$q_0$ is start state

**$\mathbf{\delta(q_0,0,Z_0) = (q_0,Z_0)}$ **

[ Do Nothing operation, just read any no of $0$'s but do not keep in stack (any no of $0$'s because on reading $0$'s it remains on same state $q_0$) ]

**$\mathbf{\delta(q_0,1,Z_0) = (q_0,XZ_0)}$ ** [ Read first $1$ and keep one $X$ in stack ]

**$\mathbf{\delta(q_0,1,X) = (q_0,XX)}$ ** [Read any no of $1$'s and keep one $X$ for each $1$ in stack ]

**$\mathbf{\delta(q_0,0,X) = (q_1,X)}$ **

[ Read single $0$ and do nothing in stack, state changed from $q_0$ to $q_1$ ]

**$\mathbf{\delta(q_1,1,X) = (q_1,\epsilon)}$ **

[ Pop out one $X$ from stack on reading each $1$ on state $q_1$ (matching each $1$ with the $1$ read before single $0$ ) ]

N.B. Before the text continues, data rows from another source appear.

definition fpoly :: "nat \<Rightarrow> (nat \<Rightarrow> complex) \<Rightarrow> complex \<Rightarrow> complex" where
  "fpoly d a x = x ^ d + (\<Sum>i=1..d-1. a i * x ^ i)"

definition critical_point :: "nat \<Rightarrow> nat \<Rightarrow> (nat \<Rightarrow> complex) \<Rightarrow> (nat \<Rightarrow> complex) \<Rightarrow> complex \<Rightarrow> bool" where
  "critical_point d e a b z \<longleftrightarrow>
     deriv (fpoly d a) z = 0 \<or>
     (\<exists>w. deriv (fpoly e b) w = 0 \<and> fpoly e b w = fpoly d a z)"

definition is_path :: "nat \<Rightarrow> nat \<Rightarrow> (nat \<Rightarrow> complex) \<Rightarrow> (nat \<Rightarrow> complex) \<Rightarrow> complex \<Rightarrow> (nat \<Rightarrow> complex) \<Rightarrow> bool" where
  "is_path d e a b z x \<longleftrightarrow> x 0 = z \<and> (\<forall>n. fpoly e b (x (Suc n)) = fpoly d a (x n))"

definition S_set :: "nat \<Rightarrow> nat \<Rightarrow> ((nat \<Rightarrow> complex) \<times> (nat \<Rightarrow> complex)) set" where
  "S_set d e = {(a, b) \<in> coeff_space d e.
     \<forall>z. critical_point d e a b z \<longrightarrow>
        (\<exists>x. is_path d e a b z x \<and> bounded (range x))}"

end

theory Submission
  imports Defs "HOL-Computational_Algebra.Fundamental_Theorem_Algebra"
begin
lemma transfers_cblock2:
  assumes "0 \<le> x" and "x + int b \<le> int n"
  shows "transfers n i x (x + int b) (cblock2 x b)"
  using assms
proof (induction b)
  case 0
  show ?case by (simp add: cblock2_def transfers_Nil)
next
  case (Suc b)
  have "cblock2 x (Suc b) = cblock2 x b @ [x + int b + 1]"
    by (simp add: cblock2_def)
  moreover have "transfers n i (x + int b) (x + int (Suc b)) [x + int b + 1]"
    using transfers_letter_up[of "x + int b" n i] Suc.prems by (simp add: ac_simps)
  ultimately show ?case
    using Suc transfers_append by auto
qed

lemma transfers_cbar:
  assumes "y \<le> int n" and "0 \<le> y - int c"
  shows "transfers n i y (y - int c) (cbar y c)"
  using assms
proof (induction c)
  case 0
  show ?case by (simp add: cbar_def transfers_Nil)
next
  case (Suc c)
  have "cbar y (Suc c) = cbar y c @ [- (y - int c)]"
    by (simp add: cbar_def)
  moreover have "transfers n i (y - int c) (y - int (Suc c)) [- (y - int c)]"
    using transfers_letter_down[of "y - int c" n i] Suc.prems by (simp add: algebra_simps)
  ultimately show ?case
    using Suc transfers_append by auto
qed
(* For $N\ge3$, inside $O_N^+$: $$O_N\cap\bar O_N=H_N,\quad O_N\cap\bar O_N^*=H_N,\quad O_N^*\cap\bar O_N=H_N,\quad O_N^*\cap\bar O_N^*=H_N^*.$$ For $N=2$: $O_2\cap\bar O_2=H_2$, $O_2\cap\bar O_2^*=O_2$, $O_2^*\cap\bar O_2=\bar O_2$, $O_2^*\cap\bar O_2^*=O_2^+$.
   Context: $C(O_N^+)$ is the universal $C^*$-algebra generated by self-adjoint $u_{ij}$ ($1\le i,j\le N$) with $u=(u_{ij})$ orthogonal, a compact quantum group with $\Delta(u_{ij})=\sum_ku_{ik}\otimes u_{kj}$. Closed quantum subgroups are defined by imposing relations on the $u_{ij}$; the intersection of two is obtained by imposing both sets of relations. With $a,b,c$ ranging over the entries $u_{ij}$: $O_N$: all entries commute (orthogonal group); $H_N\subset O_N$: signed permutation matrices; $O_N^*$: $abc=cba$ for all $a,b,c$; $\bar O_N$: $ab=-ba$ if $a\ne b$ are on the same row or same column, $ab=ba$ otherwise; $\bar O_N^*$: $abc=-cba$ if $(r\le2,s=3)$ or $(r=3,s\le2)$, and $abc=cba$ if $(r\le2,s\le2)$ or $r=s=3$, where $r$ and $s$ are the numbers of distinct rows and of distinct columns of $u$ containing $a,b,c$; $H_N^+$: $u_{ij}u_{ik}=0=u_{ji}u_{ki}$ for $j\ne k$; $H_N^*=H_N^+\cap O_N^*$. *)

theory Defs
  imports "HOL-Analysis.Analysis"
begin

text \<open>Unital complex C*-algebras, encoded as unital real Banach algebras with an
  involution satisfying the C*-identity, together with a central element J playing
  the role of the scalar i (J*J = -1, adj J = -J, J isometric).  Complex scalar
  multiplication is then (a + b i) x = a x + b (J x).\<close>

class cstar_algebra = real_normed_algebra_1 + banach +
  fixes adj :: "'a \<Rightarrow> 'a"
    and J :: 'a
  assumes adj_adj: "adj (adj x) = x"
    and adj_add: "adj (x + y) = adj x + adj y"
    and adj_mult: "adj (x * y) = adj y * adj x"
    and adj_scaleR: "adj (scaleR r x) = scaleR r (adj x)"
    and cstar_identity: "norm (adj x * x) = (norm x)\<^sup>2"
    and J_central: "J * x = x * J"
    and J_square: "J * J = - 1"
    and adj_J: "adj J = - J"
    and norm_J_mult: "norm (J * x) = norm x"

text \<open>A family u i j (i, j < N) of elements of a C*-algebra A is a representation of the
  defining relations of C(O_N^+): self-adjoint entries and u orthogonal.
  Indices are 0-based: {..<N}.\<close>

definition is_orth :: "nat \<Rightarrow> (nat \<Rightarrow> nat \<Rightarrow> 'a::cstar_algebra) \<Rightarrow> bool" where
  "is_orth N u \<longleftrightarrow>
     (\<forall>i<N. \<forall>j<N. adj (u i j) = u i j) \<and>
     (\<forall>i<N. \<forall>k<N. (\<Sum>j<N. u i j * u k j) = (if i = k then 1 else 0)) \<and>
     (\<forall>i<N. \<forall>k<N. (\<Sum>j<N. u j i * u j k) = (if i = k then 1 else 0))"

definition rel_O :: "nat \<Rightarrow> (nat \<Rightarrow> nat \<Rightarrow> 'a::cstar_algebra) \<Rightarrow> bool" where
  "rel_O N u \<longleftrightarrow> (\<forall>i<N. \<forall>j<N. \<forall>k<N. \<forall>l<N. u i j * u k l = u k l * u i j)"

definition rel_Ostar :: "nat \<Rightarrow> (nat \<Rightarrow> nat \<Rightarrow> 'a::cstar_algebra) \<Rightarrow> bool" where
  "rel_Ostar N u \<longleftrightarrow>
     (\<forall>i1<N. \<forall>j1<N. \<forall>i2<N. \<forall>j2<N. \<forall>i3<N. \<forall>j3<N.
        u i1 j1 * u i2 j2 * u i3 j3 = u i3 j3 * u i2 j2 * u i1 j1)"

definition rel_Obar :: "nat \<Rightarrow> (nat \<Rightarrow> nat \<Rightarrow> 'a::cstar_algebra) \<Rightarrow> bool" where
  "rel_Obar N u \<longleftrightarrow> (\<forall>i<N. \<forall>j<N. \<forall>k<N. \<forall>l<N.
      (if (i, j) \<noteq> (k, l) \<and> (i = k \<or> j = l)
       then u i j * u k l = - (u k l * u i j)
       else u i j * u k l = u k l * u i j))"

definition rel_Obarstar :: "nat \<Rightarrow> (nat \<Rightarrow> nat \<Rightarrow> 'a::cstar_algebra) \<Rightarrow> bool" where
  "rel_Obarstar N u \<longleftrightarrow>
     (\<forall>i1<N. \<forall>j1<N. \<forall>i2<N. \<forall>j2<N. \<forall>i3<N. \<forall>j3<N.
        (let r = card {i1, i2, i3}; s = card {j1, j2, j3} in
          (if (r \<le> 2 \<and> s = 3) \<or> (r = 3 \<and> s \<le> 2)
           then u i1 j1 * u i2 j2 * u i3 j3 = - (u i3 j3 * u i2 j2 * u i1 j1)
           else u i1 j1 * u i2 j2 * u i3 j3 = u i3 j3 * u i2 j2 * u i1 j1)))"

definition rel_Hplus :: "nat \<Rightarrow> (nat \<Rightarrow> nat \<Rightarrow> 'a::cstar_algebra) \<Rightarrow> bool" where
  "rel_Hplus N u \<longleftrightarrow> (\<forall>i<N. \<forall>j<N. \<forall>k<N. j \<noteq> k \<longrightarrow>
      u i j * u i k = 0 \<and> u j i * u k i = 0)"

text \<open>H_N (signed permutation matrices) as a closed subgroup of O_N: commutative
  entries and at most one nonzero entry in each row/column, i.e. H_N = O_N \<inter> H_N^+
  (the zero set of these relations inside O_N is exactly the signed permutation matrices).\<close>
definition rel_H :: "nat \<Rightarrow> (nat \<Rightarrow> nat \<Rightarrow> 'a::cstar_algebra) \<Rightarrow> bool" where
  "rel_H N u \<longleftrightarrow> rel_O N u \<and> rel_Hplus N u"

definition rel_Hstar :: "nat \<Rightarrow> (nat \<Rightarrow> nat \<Rightarrow> 'a::cstar_algebra) \<Rightarrow> bool" where
  "rel_Hstar N u \<longleftrightarrow> rel_Hplus N u \<and> rel_Ostar N u"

**$\mathbf{\delta(q_0,\epsilon,Z_0) = (q_0,\epsilon)}$ **

[stack is empty , inputs are accepted here ,that is , $\epsilon$ or any of $0$'s (we read earlier with Do Nothing operation) ]

**$\mathbf{L = \{ 0^m , m \geq 0 \}}$**

No input accept after reaching on $q_1$ because stack will remain with $Z_0$, stack initial symbol

Note : if we add one more transition **$\mathbf{\delta(q_1,\epsilon,Z_0) = (q_1,\epsilon)}$ ****,** then $L$ will be $\{ 0^m \bigcup 0^i1^j01^j ,m,i,j \geq 0 \}$